The second mode of operation mechanism shown with a 3-block example. In each iteration after the first one, each qubit on the ciphertext state \(\left| {C_{i - 1} } \right\rangle\) as the control applies a CNOT to a different qubit on the plaintext state \(\left| P \right\rangle_{i}\) as the target.

Compared to the classical CBC, both quantum modes of operation have additional security because the material used to alter the plaintext for each iteration after the first one is not simply the ciphertext of the last block that is revealed to Eve. For the first mode, the bit string \(M\left( {C_{i - 1} } \right)\) for each iteration is generated with the truly random process of quantum measurement (as compared to pseudo-random number generation in classical computing) on the previous ciphertext state. For the second mode, all \(\left| {C_{i - 1} } \right\rangle\) ’s are quantum states that cannot be reliably read. Furthermore, in the second mode the pairing plan of which qubit on the \(\left| {C_{i - 1} } \right\rangle\) controls which qubit on the next plaintext can be pre-shared as additional parts of the key—which has \(n!\) complexity. Both quantum modes of operation ensure different ciphertexts are generated even with the same plaintext and key used. Now comparing the two designs, the first mode is much easier to implement because each \(M\left( {C_{i - 1} } \right)\) as in Eq. ( 9 ) is a classical object and its XOR operation with the next plaintext is classical. On the other hand the second mode requires the ability to use the ciphertext state to control the next plaintext, which means more sophisticated quantum operations at both the encryption and the decryption ends. As a tradeoff the first design requires an additional classical channel to transmit the bit string \(M\left( {C_{i - 1} } \right)\) for each iteration (note this channel does not need to be secure because the bit string used to alter the plaintext in a mode of operation can be public without compromising security), while the second design only needs to pre-share two pieces of information: the initial IV and the pairing plan, and none other than the ciphertext is shared at the time of communication. Hence, the first design would be used when we prefer minimal quantum operations and have an additional non-secure classical channel available, while the second design would be used when we can afford more complex quantum operations and prefer to send a single ciphertext without additional channels. The increased key complexity through the pairing plan for the second design would also be a consideration.

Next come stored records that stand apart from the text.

lemma commutant_rho_kernel_in_A0:
  assumes rkhs: "rkhs_L2 M H K"
    and K_translate: "\<And>u x v y. K (x, y) (u, v) = K (0, y) (u - x, v)"
    and T: "T \<in> commutant_rho M H"
  shows "(\<lambda>u v y. T (K (0, y)) (u, v)) \<in> A0 H"
  unfolding A0_def
proof (intro CollectI conjI allI)
  have T_bounded: "bounded_op M H T"
    using T unfolding commutant_rho_def by simp
  fix v y
  have "(\<lambda>(u, w). T (K (0, v)) (u, w)) = T (K (0, v))"
    by (simp add: fun_eq_iff)
  moreover have "K (0, v) \<in> H"
    using rkhs unfolding rkhs_L2_def by blast
  ultimately show "(\<lambda>(u, w). T (K (0, v)) (u, w)) \<in> H"
    using T_bounded unfolding bounded_op_def by auto
  have "(\<lambda>(u, v). cnj (T (K (0, v)) (- u, y))) = (\<lambda>z. cnj (T (K z) (0, y)))"
    using commutant_rho_kernel_translate[OF rkhs K_translate T, of _ _ 0 y]
    by (auto simp: fun_eq_iff)
  then show "(\<lambda>(u, v). cnj (T (K (0, v)) (- u, y))) \<in> H"
    using rkhs_L2_bounded_op_eq_l2ip(1)[OF rkhs T_bounded] by simp
qed

theorem proposition5p13:
  fixes nu :: "'g::{topological_ab_group_add,t2_space} measure"
    and lam :: "'y measure"
    and H :: "('g \<times> 'y \<Rightarrow> complex) set"
    and K :: "'g \<times> 'y \<Rightarrow> 'g \<times> 'y \<Rightarrow> complex"
    and T :: "('g \<times> 'y \<Rightarrow> complex) \<Rightarrow> ('g \<times> 'y \<Rightarrow> complex)"
  assumes "locally_compact_space (euclidean :: 'g topology)"
    and "haar_measure nu"
    and "space lam = UNIV"
    and "rkhs_L2 (nu \<Otimes>\<^sub>M lam) H K"
    and "\<And>u x v y. K (x, y) (u, v) = K (0, y) (u - x, v)"
    and "T \<in> commutant_rho (nu \<Otimes>\<^sub>M lam) H"
  defines "psi \<equiv> (\<lambda>u v y. T (K (0, y)) (u, v))"
  shows "psi \<in> A_class (nu \<Otimes>\<^sub>M lam) H \<and> (\<forall>f \<in> H. T f = S_psi (nu \<Otimes>\<^sub>M lam) psi f)"
proof -
  let ?M = "nu \<Otimes>\<^sub>M lam"
  interpret l2_subspace ?M H
    using assms(4) by (rule rkhs_L2_imp_l2_subspace)
  have T_eq: "\<And>f. f \<in> H \<Longrightarrow> T f = S_psi ?M psi f"
    unfolding psi_def by (rule commutant_rho_eq_S_psi[OF assms(4-6)])
  have "bounded_op ?M H T"
    using assms(6) unfolding commutant_rho_def by simp
  then have "bounded_op ?M H (S_psi ?M psi)"
    by (rule bounded_op_cong) (simp add: T_eq)
  moreover have "psi \<in> A0 H"
    unfolding psi_def by (rule commutant_rho_kernel_in_A0[OF assms(4-6)])
  ultimately show ?thesis
    using T_eq unfolding A_class_def by blast
qed

end
(* Let $n\ge1$ and let $F:\mathbb{F}_{2^n}\to\mathbb{F}_{2^n}$ be any function. Then $$2^n\sum_{v_1,v_2\in \mathbb{F}_{2^n}}\ \sum_{\substack{(x_1,x_2,x_3)\in \mathbb{F}_{2^n}^3\\ v_1x_1+v_2x_2+(v_1+v_2)x_3=0}} (-1)^{tr_n(v_1F(x_1)+v_2F(x_2)+(v_1+v_2)F(x_3))}\;-\;\sum_{v_1,v_2\in \mathbb{F}_{2^n}}W_F(0,v_1)W_F(0,v_2)W_F(0,v_1+v_2)$$ $$+\;2^{n+2}\sum_{v\in \mathbb{F}_{2^n}^*}W_F^2(0,v)\;-\;2^{4n+2}\;+\;2^{3n+2}\;\ge\;0,$$ and equality holds if and only if $F$ is an o-polynomial.
   Context: For a positive integer $n$, $tr_n:\mathbb{F}_{2^n}\to\mathbb{F}_2$ denotes the absolute trace $tr_n(x)=x+x^2+\cdots+x^{2^{n-1}}$, and $\mathbb{F}_{2^n}^*=\mathbb{F}_{2^n}\setminus\{0\}$. For $F:\mathbb{F}_{2^n}\to\mathbb{F}_{2^n}$ and $(u,v)\in\mathbb{F}_{2^n}^2$, the Walsh transform is $W_F(u,v)=\sum_{x\in\mathbb{F}_{2^n}}(-1)^{tr_n(vF(x))+tr_n(ux)}$. In the projective plane $PG(2,2^n)$, a hyperoval is a set of $2^n+2$ points no three of which lie on a common line. A function (polynomial) $F$ over $\mathbb{F}_{2^n}$ is an o-polynomial if $\{(1,t,F(t)) : t\in\mathbb{F}_{2^n}\}\cup\{(0,1,0),(0,0,1)\}$ is a hyperoval of $PG(2,2^n)$. Equivalently (known fact), for every $a\in\mathbb{F}_{2^n}$ and $b\in\mathbb{F}_{2^n}^*$ the equation $F(x)+bx=a$ has $0$ or $2$ solutions in $\mathbb{F}_{2^n}$. *)

theory Defs
  imports Main "HOL-Library.Cardinality"
begin
(* Let $L\subset\mathbb{R}^n$ be an $n$-dimensional lattice and let $P$ be a Delaunay polytope of $L$ with vertex set $V(P)$. Let $$Y(P)=\Big\{y\in\mathbb{Z}^{V(P)}:\ \sum_{v\in V(P)}y(v)v=0,\ \sum_{v\in V(P)}y(v)=0\Big\}.$$ Consider unknowns $d(u,v)$, $u,v\in V(P)$, with $d(u,v)=d(v,u)$ and $d(v,v)=0$. Let $\mathcal{S}_{dist}(P)$ be the system of linear equations $$\sum_{v\in V(P)}y(v)\,d(u,v)=0\qquad\text{for all }y\in Y(P)\text{ and all }u\in V(P),$$ and let $\mathcal{S}_{hyp}(P)$ be the system of all equations $$\sum_{u,v\in V(P)}z(u)z(v)\,d(u,v)=0,\qquad z\in\mathbb{Z}^{V(P)},\ \sum_{v\in V(P)}z(v)=1,$$ that are satisfied by the distance $d_P(u,v)=\|u-v\|^2$. Then the systems $\mathcal{S}_{dist}(P)$ and $\mathcal{S}_{hyp}(P)$ are equivalent, i.e., they have the same solution set.
   Context: A Delaunay polytope of a lattice $L\subset\mathbb{R}^n$ is a polytope whose vertex set is $L\cap S$, where $S=S(c,r)$ is an empty sphere: $\|a-c\|^2\ge r^2$ for all $a\in L$, and $S\cap L$ contains $n+1$ affinely independent points. *)

theory Defs
  imports "HOL-Analysis.Analysis"
begin

definition full_lattice :: "(real^'n) set \<Rightarrow> bool" where
  "full_lattice L \<longleftrightarrow> (\<exists>b :: 'n \<Rightarrow> real^'n. inj b \<and> independent (range b) \<and>
      L = {(\<Sum>i\<in>UNIV. of_int (c i) *\<^sub>R b i) | c :: 'n \<Rightarrow> int. True})"

text \<open>V is the vertex set of a Delaunay polytope of L: V = L \<inter> S for an empty sphere S = S(c,r)
  such that S \<inter> L contains n+1 affinely independent points.\<close>
definition delaunay_vertex_set :: "(real^'n) set \<Rightarrow> (real^'n) set \<Rightarrow> bool" where
  "delaunay_vertex_set L V \<longleftrightarrow> (\<exists>(c::real^'n) (r::real).
      (\<forall>a\<in>L. (norm (a - c))\<^sup>2 \<ge> r\<^sup>2) \<and>
      V = {a\<in>L. (norm (a - c))\<^sup>2 = r\<^sup>2} \<and>
      (\<exists>T\<subseteq>V. card T = CARD('n) + 1 \<and> \<not> affine_dependent T))"

definition Y_set :: "(real^'n) set \<Rightarrow> ((real^'n) \<Rightarrow> int) set" where
  "Y_set V = {y. (\<Sum>v\<in>V. of_int (y v) *\<^sub>R v) = 0 \<and> (\<Sum>v\<in>V. y v) = 0}"

definition sat_dist :: "(real^'n) set \<Rightarrow> (real^'n \<Rightarrow> real^'n \<Rightarrow> real) \<Rightarrow> bool" where
  "sat_dist V d \<longleftrightarrow> (\<forall>y\<in>Y_set V. \<forall>u\<in>V. (\<Sum>v\<in>V. of_int (y v) * d u v) = 0)"

definition sat_hyp :: "(real^'n) set \<Rightarrow> (real^'n \<Rightarrow> real^'n \<Rightarrow> real) \<Rightarrow> bool" where
  "sat_hyp V d \<longleftrightarrow> (\<forall>z :: real^'n \<Rightarrow> int. (\<Sum>v\<in>V. z v) = 1 \<longrightarrow>
      (\<Sum>u\<in>V. \<Sum>v\<in>V. of_int (z u * z v) * (norm (u - v))\<^sup>2) = 0 \<longrightarrow>
      (\<Sum>u\<in>V. \<Sum>v\<in>V. of_int (z u * z v) * d u v) = 0)"

end

theory Submission
  imports Defs
begin
(* Let $\Gamma$ be a geometric distance-regular graph with diameter $D\geq 2$ and intersection number $c_2\geq 2$. Then (i) $\tau_2\geq \psi_1$, and (ii) $\Gamma$ contains an induced quadrangle (a set of four vertices inducing a $4$-cycle).
   Context: A finite connected graph $\Gamma$ with diameter $D$ is distance-regular if there are integers $b_i,c_i$ ($0\le i\le D$) such that for any vertices $x,y$ with $d(x,y)=i$, exactly $c_i$ neighbours of $y$ are at distance $i-1$ from $x$ and exactly $b_i$ neighbours of $y$ are at distance $i+1$ from $x$; its valency is $k=b_0$. Let $\theta_D$ be the smallest eigenvalue of the adjacency matrix. A Delsarte clique is a clique with exactly $1+\frac{k}{-\theta_D}$ vertices. A non-complete distance-regular graph is geometric with respect to a set $\mathcal C$ of Delsarte cliques if every edge lies in exactly one member of $\mathcal C$; it is geometric if such $\mathcal C$ exists. For a vertex $x$ and a set $C$, $d(x,C)=\min_{y\in C}d(x,y)$. It is known that for a Delsarte clique $C$ and a vertex $x$ with $d(x,C)=1$, the number of vertices of $C$ adjacent to $x$ depends only on the intersection numbers of $\Gamma$; this number is denoted $\psi_1$. It is also known that if $\Gamma$ is geometric with respect to $\mathcal C$, then for vertices $x,y$ with $d(x,y)=2$ the number of cliques $C\in\mathcal C$ with $y\in C$ and $d(x,C)=1$ depends neither on the pair $x,y$ nor on the choice of $\mathcal C$; this number is denoted $\tau_2$. *)

theory Defs
  imports Complex_Main
begin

The mode of operation together with the encryption process completes our description of the new quantum encryption design. In actual application, Alice will first encode the classical bit string into a quantum basis state (e.g. 00101 is coded into \(\left| {00101} \right\rangle\) ), and then apply a sequence of quantum gates following the procedure in “ The quantum encryption with confusion and diffusion ” to create a quantum ciphertext. Note that the procedure in “ The quantum encryption with confusion and diffusion ” is only a guideline to ensure confusion and diffusion by the result of Theorem 1 . In this sense Theorem 1 can be considered as a foundational result that may inspire many other encryption procedures in addition to the particular one described in this work. Nonetheless the procedure in “ The quantum encryption with confusion and diffusion ” already provides great freedom with at least \(O\left( {N^{n} \left( \frac{n}{2} \right)!} \right)\) variations contributing to the key size if a brute force attack is attempted. On the other hand the implementation cost of the procedure is only \(O\left( n \right)\) gates, which is very efficient. The ciphertext state can then be sent to Bob through an unsecure channel with possible eavesdropping by Eve. An account of the exact sequence of quantum gates applied by Alice is the key shared with Bob through a secure channel—note this can be done long before the actual communication happens thus it is harder to expect and attack by Eve. Upon receipt of the ciphertext state, Bob can apply the inverse quantum operations to recover the plaintext. After the first block of plaintext, additional blocks of plaintexts can be encrypted with additional mode of operation procedures as described in “ Mode of operation ” such that the statistics of the ciphertext state is further disguised.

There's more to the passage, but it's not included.